The Copy From Comma Delimited File tool provides two commands to copy
comma delimited files (such as from a spread sheet) to an externally
described file. CPYFRMCSV should be used for one time functions or
for the first time to help you create a customized externally
described file. CPYFRMCSV2 should be used when an externally
described file already exists. You may optionally specify a period
as a delimiter and a comma as a decimal point.
Either a stream file with the comma delimited data or a data base
file (normally created from CPYFRMSTMF) may be input.
One time usage of CPYFRMCSV
---------------------------
Assume you have copied spread sheet data to the PF200A file (probably
using CPYFRMSTMF). Comma delimiters exist in the file to separate
the fields. You want to convert the file to a new externally
described file named PF200B. Assume this is a one time use (you have
no plans to copy the similar information in the future). You would
specify:
CPYFRMCSV FROMFILE(PF200A) TOFILE(xxx/PF200B)
A library must be named for the TOFILE parameter. The PF200B file
must not exist and will be created by CPYFRMCSV.

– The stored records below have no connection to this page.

(* q : R \<times> (T(hhat') (x) S) -> T(hhat') (x) T on representatives; it represents an even linear
   map Q : R (x) Ind(S) -> Ind(T) (via the universal property of (x)) satisfying (1) and (2);
   all equalities are in the quotient Ind(T), i.e. modulo ind_N for T. *)
definition is_Qf :: "(complex \<Rightarrow> 'h::ab_group_add \<Rightarrow> 'h) \<Rightarrow> ('h \<Rightarrow> 'h) \<Rightarrow> ('h \<Rightarrow> 'h \<Rightarrow> complex) \<Rightarrow>
    (complex \<Rightarrow> 'r::ab_group_add \<Rightarrow> 'r) \<Rightarrow> ('r \<Rightarrow> 'r) \<Rightarrow> ('h \<Rightarrow> 'r \<Rightarrow> 'r) \<Rightarrow>
    (complex \<Rightarrow> 's::ab_group_add \<Rightarrow> 's) \<Rightarrow> ('s \<Rightarrow> 's) \<Rightarrow> ('h \<Rightarrow> 's \<Rightarrow> 's) \<Rightarrow>
    (complex \<Rightarrow> 't::ab_group_add \<Rightarrow> 't) \<Rightarrow> ('t \<Rightarrow> 't) \<Rightarrow> ('h \<Rightarrow> 't \<Rightarrow> 't) \<Rightarrow>
    ('r \<Rightarrow> 's \<Rightarrow> 't) \<Rightarrow> ('r \<Rightarrow> ('h word \<Rightarrow> 's) \<Rightarrow> ('h word \<Rightarrow> 't)) \<Rightarrow> bool" where
  "is_Qf sh Ph B sr Pr rR ss Ps rS st Pt rT f q \<longleftrightarrow>
    (let NS = ind_N sh Ph B ss rS; NT = ind_N sh Ph B st rT in
     (\<forall>r v. fin_supp v \<longrightarrow> fin_supp (q r v)) \<and>
     (\<forall>r v v'. fin_supp v \<and> fin_supp v' \<and> v - v' \<in> NS \<longrightarrow> q r v - q r v' \<in> NT) \<and>
     (\<forall>c r r' v. fin_supp v \<longrightarrow> q (sr c r + r') v - (fsc st c (q r v) + q r' v) \<in> NT) \<and>
     (\<forall>c r v v'. fin_supp v \<and> fin_supp v' \<longrightarrow>
         q r (fsc ss c v + v') - (fsc st c (q r v) + q r v') \<in> NT) \<and>
     (\<forall>r v. fin_supp v \<longrightarrow> q (Pr r) (vpar Ph Ps v) - vpar Ph Pt (q r v) \<in> NT) \<and>
     (\<forall>r s. q r (tens [] s) - tens [] (f r s) \<in> NT) \<and>
     (\<forall>a m r v. fin_supp v \<longrightarrow>
         mode a m (q r v) - ((if m = 0 then q (rR a r) v else 0)
                               + q r (mode (even_part sh Ph a) m v)
                               + q (Pr r) (mode (odd_part sh Ph a) m v)) \<in> NT))"

end

theory Submission
  imports Defs
begin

The data in PF200A would be read twice. The first pass determines
the type and longest length of each field (and number of decimal
positions). Only two types of DDS field types are created (Character
or Packed Decimal). If only decimal data exists for a field (a
decimal point may be included), the DDS will be generated for a
packed decimal type of field. If any character data exists, the DDS
will be generated for a character field (see the exception for
negative values in the section on 'Numeric data').
After the DDS is generated to a temporary source file, the PF200B
file is created as an externally described file.
The second pass of the data writes the data to the newly created
file. The file could be placed in QTEMP. The file is created with
AUT(*USE).
The field names used would be FLD001, FLD002, etc (see an an
alternative in the next section). You can then process the file as a
normal externally described file.
If a stream file existed, a typical command would be:
CPYFRMCSV FROMSTMF('/home/usera/PF200A.csv')
TOFILE(xxx/PF200B)
A temporary file would be created in QTEMP and CPYFRMSTMF used to
copy from the stream file to the QTEMP file. The processing is then
the same as if the FROMFILE parameter had been used.
First time usage of CPYFRMCSV
-----------------------------
Assume the same PF200A file, but now you have plans to make a copy
periodically. Therefore, you want to set up a customized file
definition by modifying the generated DDS for your requirements.
Instead of the default field names (FLD001, FLD002 etc), you want to
supply your own field names as this will make the DDS easier to
change.
You would specify:
CPYFRMCSV FROMFILE(PF200A) TOFILE(xxx/PF200B)
DLTDDSSRC(*NO)
FLDNAM(CUST ADDRESS AMT ...)
The field names should be listed in order in which the data occurs.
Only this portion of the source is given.